Inside the Vitality Stadium, the message is defiant. Bournemouth want to keep their best players and intend to make life as difficult as possible for any club attempting to take Kroupi away this summer.

They are prepared to demand a fee that reflects both his soaring value and their determination to keep him. Internally, the club have set a base price of £80 million (€92m, $107.5m). It is a figure designed to scare off opportunists and to underline a simple stance: they are not planning to sell.

That valuation would represent a club-record departure and speaks to the scale of Kroupi’s rise, from Lorient’s youngster to Premier League star and continental target in little more than a year.

Bournemouth’s hierarchy have already moved to protect their position. Fresh contract talks were opened earlier this year, even though Kroupi signed a long-term deal until 2030 when he joined. The club want to build around him as they prepare for what they hope will be a deep run in the Europa League next season.

He is settled on the south coast. He is playing, scoring, and developing in a team built to suit him. But the lure of Champions League football hangs over the situation. Every big club circling him can offer that stage now. Bournemouth cannot.

A club wary of another exodus

The Cherries are still feeling the aftershocks of previous summers. Marcos Senesi is leaving for Tottenham Hotspur on a free transfer, a move that has sharpened the club’s resolve not to be raided again at the top end of their squad.

Last year’s departures forced Bournemouth into a rapid rebuild. They recruited smartly and, against most expectations, standards did not just hold – they rose. But the club know they cannot keep rolling the dice and expect every reset to work as smoothly.

This time, they want control. This time, they want to dictate the terms.

That is why Kroupi’s situation has become a line in the sand. The £80m valuation, the contract talks, the internal messaging about a “major statement of intent” – all of it points to a club trying to step out of the role of stepping stone and into something more ambitious.

City circling again

Manchester City know the terrain at the Vitality well. They already completed one major deal there this season, taking Antoine Semenyo in a £65m transfer during the January window.

Now they are back, eyeing Kroupi. And the relationship may not be one-way traffic. Bournemouth have held talks over a separate move for a £41m City player, opening the door to a complex negotiation in which both clubs have something the other wants.

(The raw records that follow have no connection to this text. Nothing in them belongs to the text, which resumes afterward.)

lemma canon_ropt_lopt_less:
  assumes C: "canon C c e" and r: "r \<in> set (ropts C)" and l: "l \<in> set (lopts r)"
    and v: "has_value l v"
  shows "v < c"
proof -
  obtain f where r_canon: "canon r (c + 1 / 2 ^ e) f" and e: "\<not> (e = 0 \<and> 0 \<le> c)"
    using canon_ropt[OF C r] by blast
  obtain g where "canon l (c + 1 / 2 ^ e - 1 / 2 ^ f) g" and f: "\<not> (f = 0 \<and> c + 1 / 2 ^ e \<le> 0)"
    using canon_lopt[OF r_canon l] by blast
  then have v_eq: "v = c + 1 / 2 ^ e - 1 / 2 ^ f"
    using has_value_unique[OF v] canon_has_value by blast
  show ?thesis
  proof (cases e)
    case 0
    then have "dyadic 0 c" "c < 0"
      using canon_dyadic[OF C] e by auto
    then have "c + 1 \<le> 0"
      using dyadic_gap[of 0 c 0] by (simp add: dyadic_def)
    moreover have "f = 0"
      using canon_least[OF r_canon dyadic_add_pow[OF canon_dyadic[OF C]]] 0 by simp
    ultimately show ?thesis
      using f 0 by simp
  next
    case (Suc d)
    then have "\<not> dyadic d c"
      using canon_least[OF C] by fastforce
    then have "dyadic d (c + 1 / 2 ^ e)"
      using dyadic_add_least_pow canon_dyadic[OF C] Suc by blast
    then have "f < e"
      using canon_least[OF r_canon] Suc by fastforce
    then show ?thesis
      using v_eq inverse_pow2_less_iff[of e f] by simp
  qed
qed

For Bournemouth, the calculation is brutal. Hold firm and risk unsettling a player coveted by Europe’s elite, or cash in at a record price and try, once again, to rebuild without losing momentum.

For Kroupi, the path looks almost inevitable. If not this summer, then soon. Sources are clear that he is already listed at the biggest clubs across Europe, and by 2027 at the latest, he is widely expected to make that step to the very top.

The question now is whether Bournemouth can delay that moment for one more season – or whether the weight of Manchester City’s interest, and the chorus from Europe’s giants, forces their hand sooner than they ever intended.